10th Secretary of the Smithsonian Institution
- In office 1994–1999
- Preceded by: Robert McCormick Adams
- Succeeded by: Lawrence M. Small

6th Chancellor of the University of California, Berkeley
- In office 1980–1990
- Preceded by: Albert H. Bowker
- Succeeded by: Chang-Lin Tien

Personal details
- Born: May 30, 1930 New York City, New York
- Died: November 19, 2011 (aged 81) Berkeley, California
- Spouse: Therese Thau
- Education: Dartmouth College (BA); Yale Law School (JD);

= Ira Michael Heyman =

American lawyer and academic administrator

Ira Michael Heyman (May 30, 1930 - November 19, 2011) was an American lawyer. He was a professor of law and of city and regional planning, and was Chancellor of University of California, Berkeley, and Secretary of the Smithsonian Institution.

==Life==
Heyman was born in 1930 in New York City. He graduated from the Bronx High School of Science, and in 1951 from Dartmouth College. At Dartmouth he joined the Theta Chi men's fraternity. After serving as a U.S. Marine Corps officer during the Korean War, he entered Yale Law School, where he became editor of the Yale Law Journal. Following his graduation in 1956, he served as a law clerk for Judge Charles Edward Clark of the U.S. Court of Appeals for the Second Circuit, and then from 1958 to 1959 he was a clerk for Chief Justice Earl Warren.
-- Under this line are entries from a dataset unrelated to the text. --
lemma Im_closed_segment_const:
  assumes "Im u = c" "Im v = c" "w \<in> closed_segment u v"
  shows "Im w = c"
proof -
  obtain t where "w = (1 - t) *\<^sub>R u + t *\<^sub>R v" using assms(3) by (auto simp: closed_segment_def)
  hence "Im w = (1 - t) * Im u + t * Im v" by simp
  thus ?thesis using assms(1,2) by (simp add: algebra_simps)
qed

lemma contour_integral_linepath_periodic_shift:
  fixes H :: "complex \<Rightarrow> complex"
  assumes hol: "H holomorphic_on S" and S: "convex S"
    and corners: "a \<in> S" "a + p \<in> S" "a + h \<in> S" "a + p + h \<in> S"
    and per: "\<And>w. H (w + p) = H w"
  shows "contour_integral (linepath a (a + p)) H = contour_integral (linepath (a + h) (a + p + h)) H"
proof -
  note ci = contour_integrable_linepath_convex[OF hol S]
  define g where "g = linepath a (a + p) +++ (linepath (a + p) (a + p + h)
      +++ (linepath (a + p + h) (a + h) +++ linepath (a + h) a))"
  have "(H has_contour_integral 0) g"
    by (rule Cauchy_theorem_convex_simple[OF hol S])
       (use closed_segment_subset[OF _ _ S] corners in \<open>auto simp: g_def path_image_join\<close>)
  moreover have "(H has_contour_integral
      (contour_integral (linepath a (a + p)) H + (contour_integral (linepath (a + p) (a + p + h)) H
      + (contour_integral (linepath (a + p + h) (a + h)) H + contour_integral (linepath (a + h) a) H)))) g"
    unfolding g_def
    by (intro has_contour_integral_join has_contour_integral_integral ci corners valid_path_join) auto
  moreover have "contour_integral (linepath (a + p) (a + p + h)) H = contour_integral (linepath a (a + h)) H"
  proof -
    have "H (linepath (a + p) (a + p + h) t) = H (linepath a (a + h) t)" for t
      using per[of "linepath a (a + h) t"] by (simp add: linepath_def algebra_simps)
    thus ?thesis by (simp add: contour_integral_integral)
  qed
  moreover have "contour_integral (linepath (a + h) a) H = - contour_integral (linepath a (a + h)) H"
    "contour_integral (linepath (a + p + h) (a + h)) H = - contour_integral (linepath (a + h) (a + p + h)) H"
    using contour_integral_reversepath[of "linepath a (a + h)" H]
      contour_integral_reversepath[of "linepath (a + h) (a + p + h)" H] by simp_all
  ultimately show ?thesis
    using has_contour_integral_unique by fastforce
qed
He joined the law faculty at Berkeley in 1959, and he became Vice Chancellor in 1974. He was named Berkeley's sixth Chancellor and served in that capacity from 1980 to 1990.

He returned to teaching law after leaving the Chancellorship. He was Counselor to the Secretary and Deputy Assistant Secretary for Policy at the U.S. Department of Interior, from 1993 to 1994; and Secretary of the Smithsonian Institution from 1994 to 2000. He served as a trustee of Dartmouth College from 1982 until 1992 and as the chair of the Board of Trustees for the last two years of his tenure. During his Berkeley years he became a member of the Bohemian Club, at which his closest associates included Caspar Weinberger, who was Ronald Reagan's Secretary of Defense.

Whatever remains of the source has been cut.